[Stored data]
(* Let $\theta>0$, $a>0$, and set $M=D_0^2-\theta\Omega$ with $\Omega=D_1^2+x_1^2\xi_n^2$. Then there exist $C>0$ and $\tau_0>0$ such that for every real $s\ge1$, every $\tau\ge\tau_0$, every $\xi_n\in\mathbb{R}$ and every $u\in C_0^\infty(\mathbb{R}^{n+1})$, $$\int_0^\infty W\|Mu\|^2dx_0\ \ge\ C\,W(0)\Big(\tau\langle\xi_n\rangle^{1/s}E_1(u(0))+\tau^3\langle\xi_n\rangle^{3/s}E_0(u(0))\Big)+C\tau^2\int_0^\infty W\langle\xi_n\rangle^{2/s}E_1(u(x_0))\,dx_0+C\tau^4\int_0^\infty W\langle\xi_n\rangle^{4/s}E_0(u(x_0))\,dx_0,$$ where $W=W(x_0)=\exp\big(2\tau\langle\xi_n\rangle^{1/s}(x_0-a)\big)$ and $\langle\xi_n\rangle=\sqrt{1+\xi_n^2}$.
   Context: Coordinates are $x=(x_0,x_1,x'',x_n)\in\mathbb{R}^{n+1}$, $D_j=-i\partial_{x_j}$. For $u$ one takes the partial Fourier transform $\hat u(x_0,x_1,x'',\xi_n)$ in $x_n$; for fixed $x_0$ and $\xi_n$, $\|\cdot\|$ is the $L^2$ norm in $(x_1,x'')$ of $\hat u$, and operators act on $\hat u$ (so $D_n$ becomes multiplication by $\xi_n$). For $j=0,1$, $E_j(u(x_0))=\|D_0^j\hat u(x_0)\|^2+\|D_1^j\hat u(x_0)\|^2+\|(x_1\xi_n)^j\hat u(x_0)\|^2$. *)

theory Defs
  imports "HOL-Analysis.Analysis"
begin

text \<open>Points of R^(n+1) are tuples (x0, x1, x'', xn) with x'' in a Euclidean space 'a.\<close>

text \<open>Iterated partial (directional) derivatives: iter_partial f vs g means that g is obtained
  from f by differentiating successively in the directions listed in vs (last element first).\<close>
inductive iter_partial ::
  "('a::euclidean_space \<Rightarrow> 'b::real_normed_vector) \<Rightarrow> 'a list \<Rightarrow> ('a \<Rightarrow> 'b) \<Rightarrow> bool" where
  ip_nil: "iter_partial f [] f"
| ip_cons: "iter_partial f vs g \<Longrightarrow>
     (\<And>x. ((\<lambda>t. g (x + t *\<^sub>R v)) has_vector_derivative g' x) (at 0)) \<Longrightarrow>
     iter_partial f (v # vs) g'"

definition smooth_fun :: "('a::euclidean_space \<Rightarrow> 'b::real_normed_vector) \<Rightarrow> bool" where
  "smooth_fun f \<longleftrightarrow> (\<forall>vs. set vs \<subseteq> Basis \<longrightarrow> (\<exists>g. iter_partial f vs g \<and> continuous_on UNIV g))"

definition C0_inf :: "('a::euclidean_space \<Rightarrow> 'b::real_normed_vector) \<Rightarrow> bool" where
  "C0_inf f \<longleftrightarrow> smooth_fun f \<and> compact (closure {x. f x \<noteq> 0})"

definition uhat :: "(real \<times> real \<times> 'a::euclidean_space \<times> real \<Rightarrow> complex) \<Rightarrow> real \<Rightarrow> real \<Rightarrow> 'a \<Rightarrow> real \<Rightarrow> complex" where
  "uhat u x0 x1 y \<xi> = (LINT xn|lborel. exp (- \<i> * complex_of_real (xn * \<xi>)) * u (x0, x1, y, xn))"

definition nsq :: "(real \<Rightarrow> 'a::euclidean_space \<Rightarrow> complex) \<Rightarrow> real" where
  "nsq w = (LINT p|lborel. (cmod (w (fst p) (snd p)))\<^sup>2)"

definition D0 :: "(real \<Rightarrow> real \<Rightarrow> 'a \<Rightarrow> complex) \<Rightarrow> real \<Rightarrow> real \<Rightarrow> 'a \<Rightarrow> complex" where
  "D0 v x0 x1 y = - \<i> * vector_derivative (\<lambda>t. v t x1 y) (at x0)"

definition D1 :: "(real \<Rightarrow> real \<Rightarrow> 'a \<Rightarrow> complex) \<Rightarrow> real \<Rightarrow> real \<Rightarrow> 'a \<Rightarrow> complex" where
  "D1 v x0 x1 y = - \<i> * vector_derivative (\<lambda>t. v x0 t y) (at x1)"

definition Mop :: "real \<Rightarrow> real \<Rightarrow> (real \<Rightarrow> real \<Rightarrow> 'a \<Rightarrow> complex) \<Rightarrow> real \<Rightarrow> real \<Rightarrow> 'a \<Rightarrow> complex" where
  "Mop \<theta> \<xi> v x0 x1 y =
     D0 (D0 v) x0 x1 y - complex_of_real \<theta> *
       (D1 (D1 v) x0 x1 y + complex_of_real ((x1 * \<xi>)\<^sup>2) * v x0 x1 y)"

text \<open>E_j(u(x0)) = ||D_0^j v(x0)||^2 + ||D_1^j v(x0)||^2 + ||(x1 \<xi>)^j v(x0)||^2 for j = 0, 1.\<close>
definition E0 :: "real \<Rightarrow> (real \<Rightarrow> real \<Rightarrow> 'a::euclidean_space \<Rightarrow> complex) \<Rightarrow> real \<Rightarrow> real" where
  "E0 \<xi> v x0 = nsq (v x0) + nsq (v x0) + nsq (v x0)"

definition E1 :: "real \<Rightarrow> (real \<Rightarrow> real \<Rightarrow> 'a::euclidean_space \<Rightarrow> complex) \<Rightarrow> real \<Rightarrow> real" where
  "E1 \<xi> v x0 = nsq (D0 v x0) + nsq (D1 v x0)
     + nsq (\<lambda>x1 y. complex_of_real (x1 * \<xi>) * v x0 x1 y)"

definition jb :: "real \<Rightarrow> real" where "jb \<xi> = sqrt (1 + \<xi>\<^sup>2)"

end

theory Submission
  imports Defs
begin

(* After the partial Fourier transform in xn (frequency xi fixed), a test function u becomes a
   function v(x0, x1, x'') which, with its derivatives up to second order in (x0, x1), is
   continuous with compact support (locale cc_second_order).  With L = tau <xi>^(1/s) we
   conjugate by the weight e = exp (L (x0 - a)): w = e v satisfies e M v = A + 2 L d0 w where
   A = M w - L^2 w (locale exp_conjugation).  Two integrations by parts give the identities
     int |A + 2L w0|^2 = int |A|^2 + 4 L^2 int |w0|^2 + 2L int_{x0=0} energy(w),
     int <A, w> = int_{x0=0} <w0, w> + int |w0|^2 - L^2 int |w|^2 - theta int (|w1|^2 + (x1 xi)^2 |w|^2),
   and two Cauchy-Schwarz estimates turn them into control of the boundary energy and of
   L^2 |w0|^2, L^4 |w|^2 and L^2 theta (|w1|^2 + (x1 xi)^2 |w|^2).  Returning from w to v gives
   the theorem with C = 1 / (8 + 2 / theta) and tau0 = 1. *)

definition cc_fun :: "(real \<Rightarrow> real \<Rightarrow> 'a::euclidean_space \<Rightarrow> 'b::real_normed_vector) \<Rightarrow> bool" where
  "cc_fun f \<longleftrightarrow> continuous_on UNIV (\<lambda>z. f (fst z) (fst (snd z)) (snd (snd z)))
     \<and> (\<exists>R. \<forall>a b c. f a b c \<noteq> 0 \<longrightarrow> norm (a, b, c) \<le> R)"

definition half_int :: "(real \<Rightarrow> real \<Rightarrow> 'a::euclidean_space \<Rightarrow> real) \<Rightarrow> real" where
  "half_int f = (LINT x0:{0<..}|lborel. (LINT p|lborel. f x0 (fst p) (snd p)))"

definition slice_int :: "(real \<Rightarrow> 'a::euclidean_space \<Rightarrow> real) \<Rightarrow> real" where
  "slice_int g = (LINT p|lborel. g (fst p) (snd p))"

lemma cc_fun_bound:
  assumes "cc_fun f"
  obtains R where "\<And>a b c. f a b c \<noteq> 0 \<Longrightarrow> \<bar>a\<bar> \<le> R \<and> \<bar>b\<bar> \<le> R \<and> norm (b, c) \<le> R"
proof -
  obtain R where R: "\<And>a b c. f a b c \<noteq> 0 \<Longrightarrow> norm (a, b, c) \<le> R"
    using assms unfolding cc_fun_def by blast
  show ?thesis
  proof (rule that)
    fix a b c assume "f a b c \<noteq> 0"
    hence "norm (a, b, c) \<le> R" by (rule R)
    moreover have "\<bar>a\<bar> \<le> norm (a, b, c)" using norm_fst_le[of a "(b, c)"] by simp
    moreover have "norm (b, c) \<le> norm (a, b, c)" using norm_snd_le[of "(b, c)" a] by simp
    moreover have "\<bar>b\<bar> \<le> norm (b, c)" using norm_fst_le[of b c] by simp
    ultimately show "\<bar>a\<bar> \<le> R \<and> \<bar>b\<bar> \<le> R \<and> norm (b, c) \<le> R" by linarith
  qed
qed

lemma continuous_on_compose_UNIV:
  assumes "continuous_on UNIV g" "continuous_on UNIV h"
  shows "continuous_on UNIV (\<lambda>x. g (h x))"
  using continuous_on_compose[OF assms(2) continuous_on_subset[OF assms(1)]] by (simp add: o_def)

lemma cc_fun_continuous:
  assumes "cc_fun f"
  shows "continuous_on UNIV (\<lambda>p. f a (fst p) (snd p))"
    and "continuous_on UNIV (\<lambda>t. f t b c)"
    and "continuous_on UNIV (\<lambda>t. f a t c)"
proof -
  have f: "continuous_on UNIV (\<lambda>z. f (fst z) (fst (snd z)) (snd (snd z)))"
    using assms by (simp add: cc_fun_def)
  show "continuous_on UNIV (\<lambda>p. f a (fst p) (snd p))"
    using continuous_on_compose_UNIV[OF f, of "\<lambda>p. (a, p)"] by (simp add: continuous_intros)
  show "continuous_on UNIV (\<lambda>t. f t b c)"
    using continuous_on_compose_UNIV[OF f, of "\<lambda>t. (t, b, c)"] by (simp add: continuous_intros)
  show "continuous_on UNIV (\<lambda>t. f a t c)"
    using continuous_on_compose_UNIV[OF f, of "\<lambda>t. (a, t, c)"] by (simp add: continuous_intros)
qed

lemma integrable_continuous_bounded_support:
  fixes g :: "'c::euclidean_space \<Rightarrow> 'b::{banach, second_countable_topology}"
  assumes "continuous_on UNIV g" "\<And>z. g z \<noteq> 0 \<Longrightarrow> norm z \<le> R"
  shows "integrable lborel g"
proof -
  have "integrable lborel (\<lambda>x. indicator (cball 0 R) x *\<^sub>R g x)"
    by (rule borel_integrable_compact) (auto intro: continuous_on_subset[OF assms(1)])
  moreover have "(\<lambda>x. indicator (cball 0 R) x *\<^sub>R g x) = g"
    using assms(2) by (force simp: indicator_def fun_eq_iff)
  ultimately show ?thesis by simp
qed

lemma cc_fun_integrable:
  fixes f :: "real \<Rightarrow> real \<Rightarrow> 'a::euclidean_space \<Rightarrow> 'b::{banach, second_countable_topology}"
  assumes "cc_fun f"
  shows "integrable lborel (\<lambda>z. f (fst z) (fst (snd z)) (snd (snd z)))"
    and "integrable lborel (\<lambda>p. f a (fst p) (snd p))"
proof -
  obtain R where R: "\<And>a b c. f a b c \<noteq> 0 \<Longrightarrow> norm (a, b, c) \<le> R"
    using assms unfolding cc_fun_def by blast
  show "integrable lborel (\<lambda>z. f (fst z) (fst (snd z)) (snd (snd z)))"
    using assms R by (intro integrable_continuous_bounded_support[of _ R]) (auto simp: cc_fun_def)
  obtain R' where R': "\<And>a b c. f a b c \<noteq> 0 \<Longrightarrow> \<bar>a\<bar> \<le> R' \<and> \<bar>b\<bar> \<le> R' \<and> norm (b, c) \<le> R'"
    using cc_fun_bound[OF assms] by blast
  show "integrable lborel (\<lambda>p. f a (fst p) (snd p))"
    by (rule integrable_continuous_bounded_support[of _ R'], rule cc_fun_continuous(1)[OF assms])
      (use R' in force)
qed

text \<open>The half-space integral of a \<open>cc_fun\<close> is a genuine integral over the whole space
  (Fubini); this is what makes it linear and monotone.\<close>
lemma half_int_as_integral:
  fixes f :: "real \<Rightarrow> real \<Rightarrow> 'a::euclidean_space \<Rightarrow> real"
  assumes "cc_fun f"
  defines "g \<equiv> \<lambda>z. indicator {0<..} (fst z) * f (fst z) (fst (snd z)) (snd (snd z))"
  shows "integrable lborel g" and "half_int f = integral\<^sup>L lborel g"
proof -
  have "integrable lborel (\<lambda>z::real \<times> real \<times> 'a.
      indicator {z. fst z \<in> {0<..}} z *\<^sub>R f (fst z) (fst (snd z)) (snd (snd z)))"
    by (rule integrable_mult_indicator[OF _ cc_fun_integrable(1)[OF assms(1)]])
      (auto intro!: borel_open open_Collect_less continuous_intros)
  thus ig: "integrable lborel g" by (simp add: g_def indicator_def)
  have ig2: "integrable (lborel \<Otimes>\<^sub>M lborel) (\<lambda>(x0, p). indicator {0<..} x0 * f x0 (fst p) (snd p))"
    using ig by (simp add: g_def lborel_prod split_beta')
  have "half_int f = (\<integral>x0. (\<integral>p. indicator {0<..} x0 * f x0 (fst p) (snd p) \<partial>lborel) \<partial>lborel)"
    by (simp add: half_int_def set_lebesgue_integral_def)
  also have "\<dots> = integral\<^sup>L (lborel \<Otimes>\<^sub>M lborel) (\<lambda>(x0, p). indicator {0<..} x0 * f x0 (fst p) (snd p))"
    by (rule lborel_pair.integral_fst[OF ig2])
  also have "\<dots> = integral\<^sup>L lborel g"
    by (simp add: g_def lborel_prod split_beta')
  finally show "half_int f = integral\<^sup>L lborel g" .
qed

lemma cc_fun_add: "cc_fun f \<Longrightarrow> cc_fun g \<Longrightarrow> cc_fun (\<lambda>a b c. f a b c + g a b c)"
  unfolding cc_fun_def
proof (elim conjE exE, intro conjI)
  fix R1 R2
  assume "continuous_on UNIV (\<lambda>z. f (fst z) (fst (snd z)) (snd (snd z)))"
    "continuous_on UNIV (\<lambda>z. g (fst z) (fst (snd z)) (snd (snd z)))"
  thus "continuous_on UNIV (\<lambda>z. f (fst z) (fst (snd z)) (snd (snd z)) + g (fst z) (fst (snd z)) (snd (snd z)))"
    by (intro continuous_intros)
  assume "\<forall>a b c. f a b c \<noteq> 0 \<longrightarrow> norm (a, b, c) \<le> R1" "\<forall>a b c. g a b c \<noteq> 0 \<longrightarrow> norm (a, b, c) \<le> R2"
  thus "\<exists>R. \<forall>a b c. f a b c + g a b c \<noteq> 0 \<longrightarrow> norm (a, b, c) \<le> R"
    by (intro exI[of _ "max R1 R2"]) (metis add.right_neutral add_0 max.coboundedI1 max.coboundedI2)
qed

lemma cc_fun_scaleR_fun:
  "cc_fun f \<Longrightarrow> continuous_on UNIV h \<Longrightarrow> cc_fun (\<lambda>a b c. h (a, b, c) *\<^sub>R f a b c)"
  unfolding cc_fun_def
proof (elim conjE exE, intro conjI)
  assume "continuous_on UNIV (\<lambda>z. f (fst z) (fst (snd z)) (snd (snd z)))" "continuous_on UNIV h"
  thus "continuous_on UNIV (\<lambda>z. h (fst z, fst (snd z), snd (snd z)) *\<^sub>R f (fst z) (fst (snd z)) (snd (snd z)))"
    by (simp add: continuous_intros)
  fix R assume "\<forall>a b c. f a b c \<noteq> 0 \<longrightarrow> norm (a, b, c) \<le> R"
  thus "\<exists>R. \<forall>a b c. h (a, b, c) *\<^sub>R f a b c \<noteq> 0 \<longrightarrow> norm (a, b, c) \<le> R" by auto
qed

EXERCISE INSTRUCTIONS — Which of the lines above carry the string "rule"? Pick them out and copy them.

WORKED SOLUTION —
  proof (rule that)
    hence "norm (a, b, c) \<le> R" by (rule R)
    by (rule borel_integrable_compact) (auto intro: continuous_on_subset[OF assms(1)])
    by (rule integrable_continuous_bounded_support[of _ R'], rule cc_fun_continuous(1)[OF assms])
    by (rule integrable_mult_indicator[OF _ cc_fun_integrable(1)[OF assms(1)]])
    by (rule lborel_pair.integral_fst[OF ig2])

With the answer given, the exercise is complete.